GridGain Developers Hub

Model Cross Validation

Overview

It is not good practice to learn the parameters of a prediction function and validate it on the same data. This leads to overfitting. To avoid this problem, one of the most efficient solutions is to save part of the training data as a validation set. However, by partitioning the available data and excluding one or more parts from the training set, we significantly reduce the number of samples which can be used for learning the model and the results can depend on a particular random choice for the pair of (train, validation) sets.

A solution to this problem is a procedure called cross-validation. In the basic approach, called k-fold CV, the training set is split into k smaller sets and after that the following procedure works: a model is trained using k-1 of the folds (parts) as a training data, the resulting model is validated on the remaining part of the data (it’s used as a test set to compute metrics such as accuracy).

Apache Ignite provides cross validation functionality that allows it to parameterize the trainer to be validated, metrics to be calculated for the model trained on every step and the number of folds training data should be split on.

Usage

Cross validation functionality in Apache Ignite is represented by the class CrossValidation. This is a calculator parameterized by the type of model, type of label and key-value types of data. After instantiation (constructor doesn’t accept any additional parameters) we can use a score method to perform cross validation.

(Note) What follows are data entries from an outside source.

definition brd_bound :: "'r set \<Rightarrow> ('r \<Rightarrow> nat) \<Rightarrow> ('a, 'r) struct \<Rightarrow> ('a, 'r) struct \<Rightarrow> nat \<Rightarrow> bool" where
  "brd_bound L ar A K t \<longleftrightarrow>
     (\<forall>r > t. \<forall>\<chi> :: ('a \<Rightarrow> 'a) \<Rightarrow> nat. \<chi> ` Emb L ar A K \<subseteq> {..<r} \<longrightarrow>
        (\<exists>g \<in> Emb L ar K K. card (\<chi> ` (emb_comp A g ` Emb L ar A K)) \<le> t))"

definition BRD :: "'r set \<Rightarrow> ('r \<Rightarrow> nat) \<Rightarrow> ('a, 'r) struct \<Rightarrow> ('a, 'r) struct \<Rightarrow> nat" where
  "BRD L ar A K = (LEAST t. brd_bound L ar A K t)"

definition finite_BRDs :: "'r set \<Rightarrow> ('r \<Rightarrow> nat) \<Rightarrow> ('a, 'r) struct \<Rightarrow> bool" where
  "finite_BRDs L ar K \<longleftrightarrow> (\<forall>A \<in> age L ar K. \<exists>t. brd_bound L ar A K t)"

definition is_expansion :: "'r set \<Rightarrow> ('r \<Rightarrow> nat) \<Rightarrow> 'r set \<Rightarrow> ('a, 'r) struct \<Rightarrow> ('a, 'r) struct \<Rightarrow> bool" where
  "is_expansion L ar Ls Bs B \<longleftrightarrow>
     wf_struct Ls ar Bs \<and> univ Bs = univ B \<and> (\<forall>r\<in>L. \<forall>xs. rel Bs r xs = rel B r xs)"

definition exps :: "'r set \<Rightarrow> ('r \<Rightarrow> nat) \<Rightarrow> 'r set \<Rightarrow> ('a, 'r) struct \<Rightarrow> ('a, 'r) struct \<Rightarrow> ('a, 'r) struct set" where
  "exps L ar Ls Ks B = {Bs. is_expansion L ar Ls Bs B \<and> Emb Ls ar Bs Ks \<noteq> {}}"

definition exp_dot :: "'r set \<Rightarrow> ('r \<Rightarrow> nat) \<Rightarrow> ('b, 'r) struct \<Rightarrow> ('a, 'r) struct \<Rightarrow> ('a \<Rightarrow> 'b) \<Rightarrow> ('a, 'r) struct" where
  "exp_dot Ls ar Ks B f =
     (univ B, \<lambda>r xs. r \<in> Ls \<and> length xs = ar r \<and> set xs \<subseteq> univ B \<and> rel Ks r (map f xs))"

definition big_ramsey_structure :: "'r set \<Rightarrow> ('r \<Rightarrow> nat) \<Rightarrow> 'r set \<Rightarrow> ('a, 'r) struct \<Rightarrow> ('a, 'r) struct \<Rightarrow> bool" where
  "big_ramsey_structure L ar Ls K Ks \<longleftrightarrow>
     is_expansion L ar Ls Ks K \<and>
     (\<forall>A \<in> age L ar K.
        card (exps L ar Ls Ks A) = BRD L ar A K \<and>
        (\<forall>g \<in> Emb L ar K K.
           card ((\<lambda>f. exp_dot Ls ar Ks A f) ` (emb_comp A g ` Emb L ar A K)) = card (exps L ar Ls Ks A)))"

definition recurrent :: "'r set \<Rightarrow> ('r \<Rightarrow> nat) \<Rightarrow> 'r set \<Rightarrow> ('a, 'r) struct \<Rightarrow> ('a, 'r) struct \<Rightarrow> bool" where
  "recurrent L ar Ls K Ks \<longleftrightarrow>
     (\<forall>\<eta> \<in> Emb L ar K K. Emb Ls ar Ks (exp_dot Ls ar Ks K \<eta>) \<noteq> {})"

text \<open>Ks interprets an ordering of its universe of order type omega: there is a strict
order less, isomorphic via an enumeration h to (nat, <), which is quantifier-free
definable in Ks from pairs, i.e. whether less a b holds depends only on the
Ks-isomorphism type of the pair (a,b).\<close>
definition interprets_omega_order :: "'r set \<Rightarrow> ('a, 'r) struct \<Rightarrow> bool" where
  "interprets_omega_order Ls Ks \<longleftrightarrow>
     (\<exists>less :: 'a \<Rightarrow> 'a \<Rightarrow> bool.
        (\<exists>h :: nat \<Rightarrow> 'a. bij_betw h UNIV (univ Ks) \<and> (\<forall>i j. i < j \<longleftrightarrow> less (h i) (h j))) \<and>
        (\<forall>a\<in>univ Ks. \<forall>b\<in>univ Ks. \<forall>c\<in>univ Ks. \<forall>d\<in>univ Ks.
           ((a = b) \<longleftrightarrow> (c = d)) \<and>
           (\<forall>r\<in>Ls. \<forall>xs. set xs \<subseteq> {a, b} \<longrightarrow>
               (rel Ks r xs \<longleftrightarrow> rel Ks r (map (\<lambda>x. if x = a then c else d) xs)))
           \<longrightarrow> (less a b \<longleftrightarrow> less c d)))"

end

theory Submission
  imports Defs
begin
lemma mu_tendsto: "(mu \<longlongrightarrow> -1/2) (at_right 0)"
proof -
  have "((\<lambda>\<nu>. mu_offset \<nu> / \<nu> * \<nu>) \<longlongrightarrow> 0 * 0) (at_right 0)"
    by (intro tendsto_intros mu_offset_over_nu_tendsto_0)
  then have "((\<lambda>\<nu>. mu_offset \<nu> / \<nu> * \<nu>) \<longlongrightarrow> 0) (at_right 0)"
    by (simp only: mult_zero_right)
  then have "(mu_offset \<longlongrightarrow> 0) (at_right 0)"
    by (rule Lim_transform_eventually) (use eventually_at_right_less in \<open>eventually_elim, simp\<close>)
  then have "((\<lambda>\<nu>. mu_offset \<nu> - 1/2) \<longlongrightarrow> 0 - 1/2) (at_right 0)"
    by (intro tendsto_intros)
  then show ?thesis
    by (simp add: mu_offset_def)
qed


section \<open>Functions of the form 1 + a t + o(t)\<close>

definition expands_from_one :: "(real \<Rightarrow> complex) \<Rightarrow> complex \<Rightarrow> bool" where
  "expands_from_one f a \<longleftrightarrow> ((\<lambda>t. (f t - 1) / complex_of_real t) \<longlongrightarrow> a) (at_right 0)"

lemma expands_from_one_tendsto:
  assumes "expands_from_one f a"
  shows "(f \<longlongrightarrow> 1) (at_right 0)"
proof -
  have "((\<lambda>t. complex_of_real t * ((f t - 1) / complex_of_real t) + 1) \<longlongrightarrow> 0 * a + 1) (at_right 0)"
    using assms unfolding expands_from_one_def by (intro tendsto_intros of_real_tendsto_0_at_right)
  then have "((\<lambda>t. complex_of_real t * ((f t - 1) / complex_of_real t) + 1) \<longlongrightarrow> 1) (at_right 0)"
    by (simp only: mult_zero_left add_0)
  then show ?thesis
    by (rule Lim_transform_eventually)
      (use eventually_at_right_less in \<open>eventually_elim, simp\<close>)
qed

lemma expands_from_one_eventually_nonzero:
  "expands_from_one f a \<Longrightarrow> \<forall>\<^sub>F t in at_right 0. f t \<noteq> 0"
  using tendsto_imp_eventually_ne[OF expands_from_one_tendsto] by simp

lemma expands_from_one_cong:
  assumes "expands_from_one f a" "\<forall>\<^sub>F t in at_right 0. f t = g t" "a = b"
  shows "expands_from_one g b"
  using assms unfolding expands_from_one_def
  by (rule_tac Lim_transform_eventually) (auto elim: eventually_mono)

lemma expands_from_one_mult:
  assumes f: "expands_from_one f a" and g: "expands_from_one g b"
  shows "expands_from_one (\<lambda>t. f t * g t) (a + b)"
proof -
  have "((\<lambda>t. f t * ((g t - 1) / complex_of_real t) + (f t - 1) / complex_of_real t) \<longlongrightarrow> 1 * b + a)
      (at_right 0)"
    using f g expands_from_one_tendsto[OF f] unfolding expands_from_one_def by (intro tendsto_intros)
  moreover have "f t * ((g t - 1) / complex_of_real t) + (f t - 1) / complex_of_real t
      = (f t * g t - 1) / complex_of_real t" for t
    by (simp add: add_divide_distrib[symmetric] algebra_simps)
  ultimately show ?thesis unfolding expands_from_one_def by (simp add: add.commute)
qed

lemma expands_from_one_power2:
  "expands_from_one f a \<Longrightarrow> expands_from_one (\<lambda>t. (f t)^2) (2 * a)"
  using expands_from_one_mult[of f a f a] by (simp only: power2_eq_square mult_2)

lemma expands_from_one_inverse:
  assumes f: "expands_from_one f a"
  shows "expands_from_one (\<lambda>t. inverse (f t)) (- a)"
proof -
  have "((\<lambda>t. - ((f t - 1) / complex_of_real t) * inverse (f t)) \<longlongrightarrow> - a * inverse 1) (at_right 0)"
    using f expands_from_one_tendsto[OF f] unfolding expands_from_one_def
    by (intro tendsto_intros) auto
  then have "((\<lambda>t. - ((f t - 1) / complex_of_real t) * inverse (f t)) \<longlongrightarrow> - a) (at_right 0)"
    by (simp only: inverse_1 mult_1_right)
  then show ?thesis unfolding expands_from_one_def
    by (rule Lim_transform_eventually)
      (use expands_from_one_eventually_nonzero[OF f] in
        \<open>eventually_elim, simp add: field_simps minus_divide_left\<close>)
qed

lemma expands_from_one_of_real:
  assumes "((\<lambda>t. (g t - 1) / t) \<longlongrightarrow> a) (at_right 0)"
  shows "expands_from_one (\<lambda>t. complex_of_real (g t)) (complex_of_real a)"
  unfolding expands_from_one_def
  by (rule Lim_transform_eventually[OF tendsto_of_real[OF assms]]) auto

text \<open>
  The difference quotient of h is extended continuously to 0, so no assumption that w avoids 0
  is needed.
\<close>
lemma expands_from_one_comp:
  assumes h: "(h has_field_derivative h') (at 0)" "h 0 = 1"
    and w: "((\<lambda>t. w t / complex_of_real t) \<longlongrightarrow> c) (at_right 0)"
  shows "expands_from_one (\<lambda>t. h (w t)) (h' * c)"
proof -
  have "((\<lambda>t. complex_of_real t * (w t / complex_of_real t)) \<longlongrightarrow> 0 * c) (at_right 0)"
    by (intro tendsto_intros of_real_tendsto_0_at_right w)
  then have "((\<lambda>t. complex_of_real t * (w t / complex_of_real t)) \<longlongrightarrow> 0) (at_right 0)"
    by (simp only: mult_zero_left)
  then have w0: "(w \<longlongrightarrow> 0) (at_right 0)"
    by (rule Lim_transform_eventually)
      (use eventually_at_right_less in \<open>eventually_elim, simp\<close>)
  define q where "q z = (if z = 0 then h' else (h z - 1) / z)" for z
  have "((\<lambda>z. (h z - h 0) / (z - 0)) \<longlongrightarrow> h') (at 0)"
    using h(1) by (simp add: has_field_derivative_iff)
  then have "(q \<longlongrightarrow> h') (at 0)"
    by (rule Lim_transform_eventually) (auto simp: eventually_at_filter q_def h(2))
  then have "isCont q 0"
    by (simp add: isCont_def q_def)
  then have "((\<lambda>t. q (w t) * (w t / complex_of_real t)) \<longlongrightarrow> q 0 * c) (at_right 0)"
    by (intro tendsto_intros isCont_tendsto_compose[OF _ w0] w)
  moreover have "q (w t) * (w t / complex_of_real t) = (h (w t) - 1) / complex_of_real t" for t
    by (auto simp: q_def h(2))
  moreover have "q 0 = h'"
    by (simp add: q_def)
  ultimately show ?thesis
    unfolding expands_from_one_def by (simp only:)
qed

lemma expands_from_one_exp_linear:
  "expands_from_one (\<lambda>t. exp (a * complex_of_real t * b)) (a * b)"
proof -
  have "((\<lambda>t. a * complex_of_real t * b / complex_of_real t) \<longlongrightarrow> a * b) (at_right 0)"
    by (rule Lim_transform_eventually[OF tendsto_const])
      (use eventually_at_right_less in \<open>eventually_elim, simp\<close>)
  then show ?thesis
    using expands_from_one_comp[OF DERIV_exp[of 0]] by simp
qed


section \<open>Expansion of exp (-2 i d)\<close>

text \<open>The last factor in the definition of d, divided by -sinh (2 pi nu)^2.\<close>
definition d_bracket :: "real \<Rightarrow> real" where
  "d_bracket \<nu> = - (1/2 * (exp (2*pi*\<nu>) * pp \<nu> - pp \<nu>) * sinh (2*pi*\<nu>)
     + (cos (2*pi*mu \<nu>) + 1) * (exp (2*pi*\<nu>) + 1)) / (sinh (2*pi*\<nu>))^2"

lemma d_bracket_pp_part:
  "((\<lambda>\<nu>. (- (1/2 * (exp (2*pi*\<nu>) * pp \<nu> - pp \<nu>) * sinh (2*pi*\<nu>)) / (sinh (2*pi*\<nu>))^2 - 1) / \<nu>)
     \<longlongrightarrow> pi) (at_right 0)"
proof -
  have "((\<lambda>\<nu>. ((exp (2*pi*\<nu>) - 1) * cosh (2*pi*\<nu>) / sinh (2*pi*\<nu>) - 1) / \<nu>) \<longlongrightarrow> pi) (at_right 0)"
    by real_asymp
  then show ?thesis
  proof (rule Lim_transform_eventually)
    show "\<forall>\<^sub>F \<nu> in at_right 0. ((exp (2*pi*\<nu>) - 1) * cosh (2*pi*\<nu>) / sinh (2*pi*\<nu>) - 1) / \<nu>
      = (- (1/2 * (exp (2*pi*\<nu>) * pp \<nu> - pp \<nu>) * sinh (2*pi*\<nu>)) / (sinh (2*pi*\<nu>))^2 - 1) / \<nu>"
      using eventually_at_right_less
    proof eventually_elim
      case (elim \<nu>)
      then have "sinh (2*pi*\<nu>) \<noteq> 0"
        by (simp add: sinh_zero_iff)
      then show ?case
        by (simp add: pp_def field_simps power2_eq_square)
    qed
  qed
qed

text \<open>
  Since 2 pi mu = 2 pi eps - pi, the factor cos (2 pi mu) + 1 is O(eps^2) = O(nu^4), which beats
  the nu^(-3) coming from the division by sinh^2 and by nu.
\<close>
lemma d_bracket_cos_part:
  "((\<lambda>\<nu>. (cos (2*pi*mu \<nu>) + 1) * (exp (2*pi*\<nu>) + 1) / (sinh (2*pi*\<nu>))^2 / \<nu>) \<longlongrightarrow> 0) (at_right 0)"
proof (rule Lim_null_comparison)
  define bound where "bound \<nu> = 2*pi^2 * (mu_offset \<nu> / \<nu>^2)^2 * (\<nu>^3 * (exp (2*pi*\<nu>) + 1) / (sinh (2*pi*\<nu>))^2)"
    for \<nu> :: real
  have "((\<lambda>\<nu>. \<nu>^3 * (exp (2*pi*\<nu>) + 1) / (sinh (2*pi*\<nu>))^2) \<longlongrightarrow> 0) (at_right 0)"
    unfolding cosh_sinh_real_exp by real_asymp
  then have "(bound \<longlongrightarrow> 2*pi^2 * (- (sqrt 3 * pi / 2))^2 * 0) (at_right 0)"
    unfolding bound_def by (intro tendsto_intros mu_offset_asymp)
  then show "(bound \<longlongrightarrow> 0) (at_right 0)"
    by (simp only: mult_zero_right)
  show "\<forall>\<^sub>F \<nu> in at_right 0.
      norm ((cos (2*pi*mu \<nu>) + 1) * (exp (2*pi*\<nu>) + 1) / (sinh (2*pi*\<nu>))^2 / \<nu>) \<le> bound \<nu>"
    using eventually_at_right_less
  proof eventually_elim
    case (elim \<nu>)
    define K where "K = (exp (2*pi*\<nu>) + 1) / (sinh (2*pi*\<nu>))^2 / \<nu>"
    have K_nonneg: "K \<ge> 0"
      using elim by (simp add: K_def add_pos_pos)
    have "2*pi*mu \<nu> = 2*pi*mu_offset \<nu> - pi"
      by (simp add: mu_offset_def algebra_simps)
    then have "cos (2*pi*mu \<nu>) + 1 = 1 - cos (2*pi*mu_offset \<nu>)"
      by (simp add: cos_diff)
    then have "norm ((cos (2*pi*mu \<nu>) + 1) * (exp (2*pi*\<nu>) + 1) / (sinh (2*pi*\<nu>))^2 / \<nu>)
        = \<bar>1 - cos (2*pi*mu_offset \<nu>)\<bar> * K"
      using K_nonneg elim by (simp add: K_def abs_mult)
    also have "\<dots> \<le> 2*pi^2 * (mu_offset \<nu>)^2 * K"
      using abs_one_minus_cos_le[of "2*pi*mu_offset \<nu>"] K_nonneg
      by (intro mult_right_mono) (simp_all add: power2_eq_square)
    also have "\<dots> = bound \<nu>"
      using elim by (simp add: bound_def K_def field_simps power2_eq_square eval_nat_numeral)
    finally show ?case .
  qed
qed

Let’s imagine that we have a trainer, a training set and we want to make cross validation using accuracy as a metric and using 4 folds. Apache Ignite allows us to do this as shown in the following example:

CrossValidation<DecisionTreeNode, Double, Integer, LabeledPoint> scoreCalculator = new CrossValidation<>();

double[] scores = scoreCalculator.score(
    trainer,
    new Accuracy<>(),
    ignite,
    trainingSet,
    (k, v) -> VectorUtils.of(v.x, v.y),
    (k, v) -> v.lb,
    4
);

In this example we specify trainer and metric as parameters, after that we pass common training arguments such as a link to the Ignite instance, cache, feature and label extractors, and finally specify the number of folds.This method returns an array containing metrics for all possible splits of the training set.

Examples

To see how the Cross Validation can be used in practice, try this example, and see step 8 of the ML Tutorial, available on GitHub and delivered with every Apache Ignite distribution.